Alternatively, the coolant pump 240, lubricant pump 225 and/or the
heat exchanger 235 can be remotely located from the rotating
control head 100.
[0066] Turning now to a brief discussion on high pressure rotating
control heads in accordance with embodiments of the present
invention, such a high pressure rotating control head 300 is shown
in FIGS. 12 and 13. The high pressure rotating control head 300
comprises an upper stripper rubber apparatus 302 mounted on the low
pressure rotating control head 100 of FIGS. 4-12 in a manner
whereby the upper stripper rubber apparatus 302 is mounted in place
of the top drive 169. A canister body 304 of the upper stripper
rubber apparatus 302 carries the spring-loaded seal unit 166. The
spring-loaded seal unit 166 is engaged between the canister body
304 and the cover plate 168 in the same manner is it is between the
top drive 169 and cover plate 168 in the low pressure rotating
control head 100. The canister body 304 is attached to the outer
barrel 126 in a manner whereby rotation of the canister body 304
with respect to the outer barrel 126 is substantially precluded and
whereby vertical displacement during use is substantially
precluded.
[0067] A top driver cover 306 (i.e., also referred to herein as a
canister body lid) of the upper stripper rubber apparatus 302 is
configured for having a stripper rubber assembly 307 operably and
fixedly attached thereto. In this manner, the high pressure
rotating control head 300 is configured for having spaced apart
stripper rubber assemblies (i.e., stripper rubber assemblies 145,
307) attached thereto. A first one of such spaced apart stripper
rubber assemblies (i.e., stripper rubber assembly 145) is fixedly
attached to an end portion of the inner barrel 148 and a second one
of such spaced apart stripper rubber assemblies (i.e., stripper
rubber assembly 1307) is fixedly attached to the top driver cover
306.
[0068] The top driver cover 306 can be engaged with the canister
body 304 through any number of different types of interconnection
approaches. Mechanical fasteners such as screws, pins and the like
are an example of such possible interconnection approaches. The
objective of such interconnection is to secure the top driver cover
306 and canister body 304 to each other in a manner than precludes
relative rotation and vertical separation therebetween.

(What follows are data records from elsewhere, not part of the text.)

lemma branching_bounds:
  assumes "finite A" "card A \<ge> 2" "dictionary A D"
  shows "int (n_br_plus D k) \<le> int (complexity D (Suc k)) - int (complexity D k)
      \<and> int (n_br_minus D k) \<le> int (complexity D (Suc k)) - int (complexity D k)
      \<and> (real (complexity D (Suc k)) - real (complexity D k)) / (real (card A) - 1) \<le> real (n_br D k)
      \<and> int (n_br D k) \<le> 2 * (int (complexity D (Suc k)) - int (complexity D k))"
proof -
  let ?d = "complexity D (Suc k) - complexity D k"
  have mono: "complexity D k \<le> complexity D (Suc k)"
    using complexity_Suc_eq_out_excess[OF assms(1,3), of k] by linarith
  have "?d \<le> (card A - 1) * n_br D k"
    using complexity_diff_le_n_br_plus[OF assms(1,3), of k] n_br_plus_le_n_br[OF assms(1,3), of k]
    by (meson le_trans mult_le_mono2)
  moreover have "real (card A - 1) = real (card A) - 1" using assms(2) by (simp add: of_nat_diff)
  ultimately have "real ?d \<le> (real (card A) - 1) * real (n_br D k)"
    by (metis of_nat_mono of_nat_mult)
  moreover have "real (card A) - 1 > 0" using assms(2) by simp
  ultimately have quotient: "real ?d / (real (card A) - 1) \<le> real (n_br D k)"
    by (simp add: pos_divide_le_eq mult.commute)
  have twice: "n_br D k \<le> 2 * ?d"
    using n_br_plus_le_complexity_diff[OF assms(1,3), of k] n_br_minus_le_complexity_diff[OF assms(1,3), of k]
      n_br_le_n_br_plus_n_br_minus[of D k] by linarith
  have real_diff: "real (complexity D (Suc k)) - real (complexity D k) = real ?d"
    and int_diff: "int (complexity D (Suc k)) - int (complexity D k) = int ?d"
    using mono by (simp_all add: of_nat_diff)
  show ?thesis
    unfolding real_diff int_diff
    using quotient twice n_br_plus_le_complexity_diff[OF assms(1,3), of k]
      n_br_minus_le_complexity_diff[OF assms(1,3), of k]
    by simp
qed

subsection \<open>Optimality\<close>

lemma dictionary_lists:
  assumes "a \<in> A"
  shows "dictionary A (lists A)"
  unfolding dictionary_def using assms
  by (auto simp: lists_eq_set dest: set_mono_sublist intro: exI[of _ "[]"])

lemma words_of_length_one_lists: "words_of_length (lists A) (Suc 0) = (\<lambda>x. [x]) ` A"
  by (auto simp: length_Suc_conv)

lemma complexity_lists_one: "complexity (lists A) (Suc 0) = card A"
  unfolding complexity_def words_of_length_one_lists by (rule card_image) (simp add: inj_on_def)

lemma complexity_lists_zero: "complexity (lists A) 0 = 1"
  unfolding complexity_def by (simp cong: conj_cong)

lemma n_br_lists_zero:
  assumes "card A \<ge> 2"
  shows "n_br (lists A) 0 = 1"
proof -
  have "out_deg (lists A) [] = card A"
    unfolding out_deg_def using complexity_lists_one unfolding complexity_def by simp
  hence "{u\<in>lists A. length u = 0 \<and> (1 < out_deg (lists A) u \<or> 1 < in_deg (lists A) u)} = {[]}"
    using assms by auto
  thus ?thesis unfolding n_br_def by simp
qed

text \<open>The words \<open>a\<^sup>ib\<^sup>j\<close>.\<close>

definition ab_words :: "'a \<Rightarrow> 'a \<Rightarrow> 'a list set" where
  "ab_words a b = {w\<in>lists {a, b}. sorted_wrt (\<lambda>x y. x = b \<longrightarrow> y = b) w}"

[0069] A bayonet style interconnection is a preferred embodiment
for interconnecting a top driver cover and a canister body. FIGS.

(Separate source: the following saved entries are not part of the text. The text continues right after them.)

(* Let $\Omega=\{1,\dots,n\}$ and $f:2^{\Omega}\to\mathbb{R}$. Define $f_1,f_2:2^{\Omega}\to\mathbb{R}$ by $f_1(\mathcal{S})=f(\mathcal{S}^c)$ and $f_2(\mathcal{S})=f(\mathcal{S})+f(\mathcal{S}^c)-f(\Omega)$, where $\mathcal{S}^c=\Omega\setminus\mathcal{S}$. For $\mathcal{A}\subseteq\Omega$ define $f_{\mathcal{A}}:2^{\Omega\setminus\mathcal{A}}\to\mathbb{R}$ by $f_{\mathcal{A}}(\mathcal{S})=f(\mathcal{A}\cup\mathcal{S})$. For a positive integer $q$ dividing $n$, let $\Omega(q)=\{1,\dots,n/q\}$, $\mathcal{S}(i)=\{(i-1)q+1,\dots,iq\}$ for $i\in\Omega(q)$, and $f_q:2^{\Omega(q)}\to\mathbb{R}$, $f_q(\mathcal{S})=f(\bigcup_{i\in\mathcal{S}}\mathcal{S}(i))$. Let $g:2^{\Omega}\to\mathbb{R}$ be modular and define $f\circledast g(\mathcal{S})=\min_{\mathcal{Z}\subseteq\mathcal{S}} f(\mathcal{Z})+g(\mathcal{S}\setminus\mathcal{Z})$. Then (i) $\mathcal{E}[f]=\mathcal{E}[f_1]$; (ii) $2\mathcal{E}[f]\ge\mathcal{E}[f_2]$; (iii) $\mathcal{E}[f]\ge\mathcal{E}[f_{\mathcal{A}}]$; (iv) $\mathcal{E}[f]\ge\mathcal{E}[f_q]$; (v) $\mathcal{E}[f]\ge\mathcal{E}[f\circledast g]$.
   Context: For a set function $h$ on a finite ground set $V$, $\mathcal{E}[h]=\max_{\mathcal{A},\mathcal{B}\subseteq V} h(\mathcal{A}\cup\mathcal{B})+h(\mathcal{A}\cap\mathcal{B})-h(\mathcal{A})-h(\mathcal{B})$ (the maximum is taken over subsets of the ground set of $h$). A set function $g$ is modular if both $g$ and $-g$ are submodular. *)

theory Defs
  imports "HOL-Analysis.Analysis"
begin

(* Set functions on a finite ground set V are modelled as functions nat set \<Rightarrow> real;
   only their values on subsets of V matter. *)

definition Eg :: "nat set \<Rightarrow> (nat set \<Rightarrow> real) \<Rightarrow> real" where
  "Eg V h = Max {h (A \<union> B) + h (A \<inter> B) - h A - h B | A B. A \<subseteq> V \<and> B \<subseteq> V}"

definition submodular_on :: "nat set \<Rightarrow> (nat set \<Rightarrow> real) \<Rightarrow> bool" where
  "submodular_on V h \<longleftrightarrow>
     (\<forall>A B. A \<subseteq> V \<longrightarrow> B \<subseteq> V \<longrightarrow> h (A \<union> B) + h (A \<inter> B) \<le> h A + h B)"

definition modular_on :: "nat set \<Rightarrow> (nat set \<Rightarrow> real) \<Rightarrow> bool" where
  "modular_on V g \<longleftrightarrow> submodular_on V g \<and> submodular_on V (\<lambda>S. - g S)"

definition conv_min :: "(nat set \<Rightarrow> real) \<Rightarrow> (nat set \<Rightarrow> real) \<Rightarrow> nat set \<Rightarrow> real" where
  "conv_min f g S = Min {f Z + g (S - Z) | Z. Z \<subseteq> S}"

definition block :: "nat \<Rightarrow> nat \<Rightarrow> nat set" where
  "block q i = {(i - 1) * q + 1 .. i * q}"

end

theory Submission
  imports Defs
begin

(* All five inequalities say that the submodularity defect of the new function at A, B is a
   defect of f (or a sum of two defects) at sets built from A and B.  For (i), (iii) and (iv)
   the new function is f composed with a map into subsets of \<Omega> that preserves or swaps unions
   and intersections: complementation, S \<mapsto> A \<union> S, and S \<mapsto> union of the disjoint blocks.
   For (ii) the defect of f_2 is the sum of the defects of f and f_1.  For (v), choose optimal
   splittings Z_A, Z_B of A and B; Z_A \<union> Z_B and Z_A \<inter> Z_B are admissible splittings of A \<union> B
   and A \<inter> B, and modularity of g makes all g-terms cancel, leaving a defect of f. *)

lemma Eg_eq_Max_image:
  "Eg V h = Max ((\<lambda>(A, B). h (A \<union> B) + h (A \<inter> B) - h A - h B) ` (Pow V \<times> Pow V))"
  unfolding Eg_def by (rule arg_cong[where f = Max]) auto

lemma Eg_upper:
  assumes "finite V" "A \<subseteq> V" "B \<subseteq> V"
  shows "h (A \<union> B) + h (A \<inter> B) - h A - h B \<le> Eg V h"
  unfolding Eg_eq_Max_image using assms
  by (intro Max_ge) (auto intro: image_eqI[of _ _ "(A, B)"])

lemma Eg_leI:
  assumes "finite V"
    and "\<And>A B. A \<subseteq> V \<Longrightarrow> B \<subseteq> V \<Longrightarrow> h (A \<union> B) + h (A \<inter> B) - h A - h B \<le> c"
  shows "Eg V h \<le> c"
  unfolding Eg_eq_Max_image using assms by (subst Max_le_iff) auto

lemma Eg_cong:
  assumes "\<And>S. S \<subseteq> V \<Longrightarrow> h S = h' S"
  shows "Eg V h = Eg V h'"
proof -
  have "\<And>A B. A \<subseteq> V \<Longrightarrow> B \<subseteq> V \<Longrightarrow>
      h (A \<union> B) + h (A \<inter> B) - h A - h B = h' (A \<union> B) + h' (A \<inter> B) - h' A - h' B"
    by (simp add: assms le_infI1)
  then show ?thesis
    unfolding Eg_eq_Max_image by (intro arg_cong[where f = Max] image_cong) auto
qed

lemma Eg_comp_le:
  assumes "finite V" "finite W"
    and into: "\<And>S. S \<subseteq> W \<Longrightarrow> \<phi> S \<subseteq> V"
    and Un: "\<And>S T. S \<subseteq> W \<Longrightarrow> T \<subseteq> W \<Longrightarrow> \<phi> (S \<union> T) = \<phi> S \<union> \<phi> T"
    and Int: "\<And>S T. S \<subseteq> W \<Longrightarrow> T \<subseteq> W \<Longrightarrow> \<phi> (S \<inter> T) = \<phi> S \<inter> \<phi> T"
  shows "Eg W (\<lambda>S. f (\<phi> S)) \<le> Eg V f"
proof (rule Eg_leI[OF \<open>finite W\<close>])
  fix S T assume "S \<subseteq> W" "T \<subseteq> W"
  then show "f (\<phi> (S \<union> T)) + f (\<phi> (S \<inter> T)) - f (\<phi> S) - f (\<phi> T) \<le> Eg V f"
    using Eg_upper[OF \<open>finite V\<close> into into] by (simp add: Un Int)
qed

lemma Eg_compl_le:
  assumes "finite V"
  shows "Eg V (\<lambda>S. f (V - S)) \<le> Eg V f"
proof (rule Eg_leI[OF assms])
  fix A B assume "A \<subseteq> V" "B \<subseteq> V"
  have "f ((V - A) \<union> (V - B)) + f ((V - A) \<inter> (V - B)) - f (V - A) - f (V - B) \<le> Eg V f"
    using assms by (intro Eg_upper) auto
  then show "f (V - (A \<union> B)) + f (V - (A \<inter> B)) - f (V - A) - f (V - B) \<le> Eg V f"
    by (simp add: Diff_Un Diff_Int)
qed

lemma Eg_compl:
  assumes "finite V"
  shows "Eg V (\<lambda>S. f (V - S)) = Eg V f"
proof -
  have "Eg V f = Eg V (\<lambda>S. f (V - (V - S)))"
    by (rule Eg_cong) (simp add: double_diff)
  also have "\<dots> \<le> Eg V (\<lambda>S. f (V - S))"
    by (rule Eg_compl_le[OF assms])
  finally show ?thesis
    using Eg_compl_le[OF assms, of f] by linarith
qed

lemma Eg_add_le:
  assumes "finite V"
  shows "Eg V (\<lambda>S. h S + k S + c) \<le> Eg V h + Eg V k"
proof (rule Eg_leI[OF assms])
  fix A B assume "A \<subseteq> V" "B \<subseteq> V"
  then show "(h (A \<union> B) + k (A \<union> B) + c) + (h (A \<inter> B) + k (A \<inter> B) + c)
      - (h A + k A + c) - (h B + k B + c) \<le> Eg V h + Eg V k"
    using Eg_upper[OF assms, of A B h] Eg_upper[OF assms, of A B k] by linarith
qed

lemma UN_Int_disjoint_family:
  assumes "disjoint_family B"
  shows "(\<Union>i\<in>S \<inter> T. B i) = (\<Union>i\<in>S. B i) \<inter> (\<Union>i\<in>T. B i)"
proof (intro equalityI subsetI)
  fix x assume "x \<in> (\<Union>i\<in>S. B i) \<inter> (\<Union>i\<in>T. B i)"
  then obtain i j where "i \<in> S" "j \<in> T" "x \<in> B i" "x \<in> B j" by blast
  moreover from this have "i = j"
    using assms unfolding disjoint_family_on_def by blast
  ultimately show "x \<in> (\<Union>i\<in>S \<inter> T. B i)" by blast
qed blast
lemma block_disjoint_less:
  assumes "i < j"
  shows "block q i \<inter> block q j = {}"
proof (rule ccontr)
  assume "block q i \<inter> block q j \<noteq> {}"
  then obtain x where "x \<le> i * q" "(j - 1) * q + 1 \<le> x"
    unfolding block_def by auto
  moreover have "i * q \<le> (j - 1) * q" using assms by (intro mult_le_mono1) simp
  ultimately show False by linarith
qed

lemma disjoint_family_block: "disjoint_family (block q)"
  unfolding disjoint_family_on_def
  by (metis Int_commute block_disjoint_less linorder_neqE_nat)
lemma UN_block_subset_atLeastAtMost:
  assumes "S \<subseteq> {1..n div q}"
  shows "(\<Union>i\<in>S. block q i) \<subseteq> {1..n}"
proof (rule UN_least)
  fix i assume "i \<in> S"
  then have "i * q \<le> n div q * q" using assms by (intro mult_le_mono1) auto
  also have "\<dots> \<le> n" by (rule div_times_less_eq_dividend)
  finally show "block q i \<subseteq> {1..n}" unfolding block_def by auto
qed

lemma modular_on_eq:
  assumes "modular_on V g" "A \<subseteq> V" "B \<subseteq> V"
  shows "g (A \<union> B) + g (A \<inter> B) = g A + g B"
proof -
  have "g (A \<union> B) + g (A \<inter> B) \<le> g A + g B" "- g (A \<union> B) + - g (A \<inter> B) \<le> - g A + - g B"
    using assms unfolding modular_on_def submodular_on_def by blast+
  then show ?thesis by linarith
qed

lemma modular_on_Diff:
  assumes "modular_on V g" "Z \<subseteq> S" "S \<subseteq> V"
  shows "g (S - Z) = g S - g Z + g {}"
proof -
  have "g (Z \<union> (S - Z)) + g (Z \<inter> (S - Z)) = g Z + g (S - Z)"
    using assms by (intro modular_on_eq[OF assms(1)]) auto
  moreover have "Z \<union> (S - Z) = S" "Z \<inter> (S - Z) = {}" using assms by auto
  ultimately show ?thesis by simp
qed

lemma conv_min_image: "conv_min f g S = Min ((\<lambda>Z. f Z + g (S - Z)) ` Pow S)"
  unfolding conv_min_def by (rule arg_cong[where f = Min]) auto

lemma conv_min_le:
  assumes "finite S" "Z \<subseteq> S"
  shows "conv_min f g S \<le> f Z + g (S - Z)"
  unfolding conv_min_image using assms by (intro Min_le) auto

lemma conv_min_attained:
  assumes "finite S"
  obtains Z where "Z \<subseteq> S" "conv_min f g S = f Z + g (S - Z)"
proof -
  have "conv_min f g S \<in> (\<lambda>Z. f Z + g (S - Z)) ` Pow S"
    unfolding conv_min_image using assms by (intro Min_in) auto
  then show ?thesis using that by auto
qed

lemma Eg_conv_min_le:
  assumes "finite V" "modular_on V g"
  shows "Eg V (conv_min f g) \<le> Eg V f"
proof (rule Eg_leI[OF assms(1)])
  fix A B assume AB: "A \<subseteq> V" "B \<subseteq> V"
  then have fin: "finite A" "finite B" using assms(1) finite_subset by auto
  obtain ZA where ZA: "ZA \<subseteq> A" "conv_min f g A = f ZA + g (A - ZA)"
    using conv_min_attained[OF fin(1)] .
  obtain ZB where ZB: "ZB \<subseteq> B" "conv_min f g B = f ZB + g (B - ZB)"
    using conv_min_attained[OF fin(2)] .
  have sub: "ZA \<subseteq> V" "ZB \<subseteq> V" using ZA ZB AB by auto
  have "conv_min f g (A \<union> B) \<le> f (ZA \<union> ZB) + g ((A \<union> B) - (ZA \<union> ZB))"
    using fin ZA ZB by (intro conv_min_le) auto
  moreover have "conv_min f g (A \<inter> B) \<le> f (ZA \<inter> ZB) + g ((A \<inter> B) - (ZA \<inter> ZB))"
    using fin ZA ZB by (intro conv_min_le) auto
  moreover have "f (ZA \<union> ZB) + f (ZA \<inter> ZB) - f ZA - f ZB \<le> Eg V f"
    using Eg_upper[OF assms(1) sub] .
  moreover have
    "g ((A \<union> B) - (ZA \<union> ZB)) = g (A \<union> B) - g (ZA \<union> ZB) + g {}"
    "g ((A \<inter> B) - (ZA \<inter> ZB)) = g (A \<inter> B) - g (ZA \<inter> ZB) + g {}"
    "g (A - ZA) = g A - g ZA + g {}" "g (B - ZB) = g B - g ZB + g {}"
    using ZA ZB AB by (auto intro!: modular_on_Diff[OF assms(2)])
  moreover have "g (A \<union> B) + g (A \<inter> B) = g A + g B" "g (ZA \<union> ZB) + g (ZA \<inter> ZB) = g ZA + g ZB"
    using AB sub by (auto intro!: modular_on_eq[OF assms(2)])
  ultimately show "conv_min f g (A \<union> B) + conv_min f g (A \<inter> B)
      - conv_min f g A - conv_min f g B \<le> Eg V f"
    using ZA(2) ZB(2) by linarith
qed

theorem mainTheorem3:
  fixes n :: nat and f :: "nat set \<Rightarrow> real"
  defines "\<Omega> \<equiv> {1..n}"
  shows "Eg \<Omega> f = Eg \<Omega> (\<lambda>S. f (\<Omega> - S))
    \<and> 2 * Eg \<Omega> f \<ge> Eg \<Omega> (\<lambda>S. f S + f (\<Omega> - S) - f \<Omega>)
    \<and> (\<forall>A. A \<subseteq> \<Omega> \<longrightarrow> Eg \<Omega> f \<ge> Eg (\<Omega> - A) (\<lambda>S. f (A \<union> S)))
    \<and> (\<forall>q::nat. 0 < q \<longrightarrow> q dvd n \<longrightarrow>
         Eg \<Omega> f \<ge> Eg {1..n div q} (\<lambda>S. f (\<Union>i\<in>S. block q i)))
    \<and> (\<forall>g. modular_on \<Omega> g \<longrightarrow> Eg \<Omega> f \<ge> Eg \<Omega> (conv_min f g))"
proof -
  have fin: "finite \<Omega>" unfolding \<Omega>_def by simp
  have compl: "Eg \<Omega> (\<lambda>S. f (\<Omega> - S)) = Eg \<Omega> f"
    using Eg_compl[OF fin] .
  have "Eg \<Omega> (\<lambda>S. f S + f (\<Omega> - S) - f \<Omega>) \<le> 2 * Eg \<Omega> f"
    using Eg_add_le[OF fin, of f "\<lambda>S. f (\<Omega> - S)" "- f \<Omega>"] compl by simp
  moreover have "Eg (\<Omega> - A) (\<lambda>S. f (A \<union> S)) \<le> Eg \<Omega> f" if "A \<subseteq> \<Omega>" for A
    using fin that by (intro Eg_comp_le) auto
  \<comment> \<open>holds for every q: the blocks are always disjoint and lie in \<Omega> since (n div q) * q \<le> n\<close>
  moreover have "Eg {1..n div q} (\<lambda>S. f (\<Union>i\<in>S. block q i)) \<le> Eg \<Omega> f" for q
    using fin UN_block_subset_atLeastAtMost[of _ n q]
    by (intro Eg_comp_le) (auto simp: \<Omega>_def UN_Int_disjoint_family[OF disjoint_family_block])
  moreover have "Eg \<Omega> (conv_min f g) \<le> Eg \<Omega> f" if "modular_on \<Omega> g" for g
    using Eg_conv_min_le[OF fin that] .
  ultimately show ?thesis using compl by auto
qed

end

14-16 show an embodiment of the upper stripper rubber apparatus 350
including a canister body 354, a canister body lid 356 (i.e., top
driver cover) and a kelly driver 357. The upper stripper rubber
apparatus 350 includes a bayonet style interconnection between the
canister body cover 356 and the canister body 354. The upper
stripper rubber apparatus 350 shown in FIGS. 14-16 and the upper
stripper rubber apparatus 302 shown in FIGS. 12 and 13 are
interchangeable with respect to a given high pressure rotating
control head.
[0070] Still referring to FIGS. 14-16, the canister body lid 356
includes one or more bayonet interconnect structures 358 and the
canister body 354 includes one or more mating bayonet style
interconnect structures 360. Each bayonet connector structure 358,
360 includes an engagement groove 362 having a closed end portion
364 and an open end portion 366. An elongated edge portion 368 of
the engagement groove 362 is defined by an elongated raised rib
member 370 extending at least partially along the engagement groove
362. A space 372 at least as long as one of the canister body lid
bayonet connector structures 358 is provided between adjacent ones
of the canister body bayonet connector structures 360 and a space
372 at least as long as one of the canister body bayonet connector
structures 360 is provided between adjacent ones of the canister
body lid bayonet connector structures 358. Preferably, but not
necessarily, all of the canister body lid bayonet connector
structures 358 are substantially the same length and all of the
canister body bayonet connector structures 360 are substantially
the same length.
[0071] Accordingly, the engagement groove 362 of each canister body
bayonet connector structure 360 and the rib member 370 of each
canister body lid bayonet connector structure 358 are jointly
configured for allowing the rib member 370 of each canister body
lid bayonet connector structure 358 to be slideably received within
the engagement groove 362 of a respective one of the canister body
bayonet connector structures 360 through relative rotation between
the canister body 354 and the canister body lid 356 when the
canister body 354 and the canister body lid are in a mated
orientation such that the rib member 370 of each canister body lid
bayonet connector structure 358 is aligned with the engagement
groove 362 of the respective one of the canister body bayonet
connector structures 360. Similarly, the engagement groove 362 of
each one of the canister body lid bayonet connector structures 358
and the rib member 370 of each one of the canister body bayonet
connector structures 360 are jointly configured for allowing the
rib member 370 of each canister body bayonet connector structures
360 to be slideably received within the engagement groove 362 of a
respective one of the canister body lid bayonet connector
structures 358 through relative rotation between the canister body
354 and the canister body lid 356 when the canister body 354 and
the canister body lid 356 are in the mated orientation.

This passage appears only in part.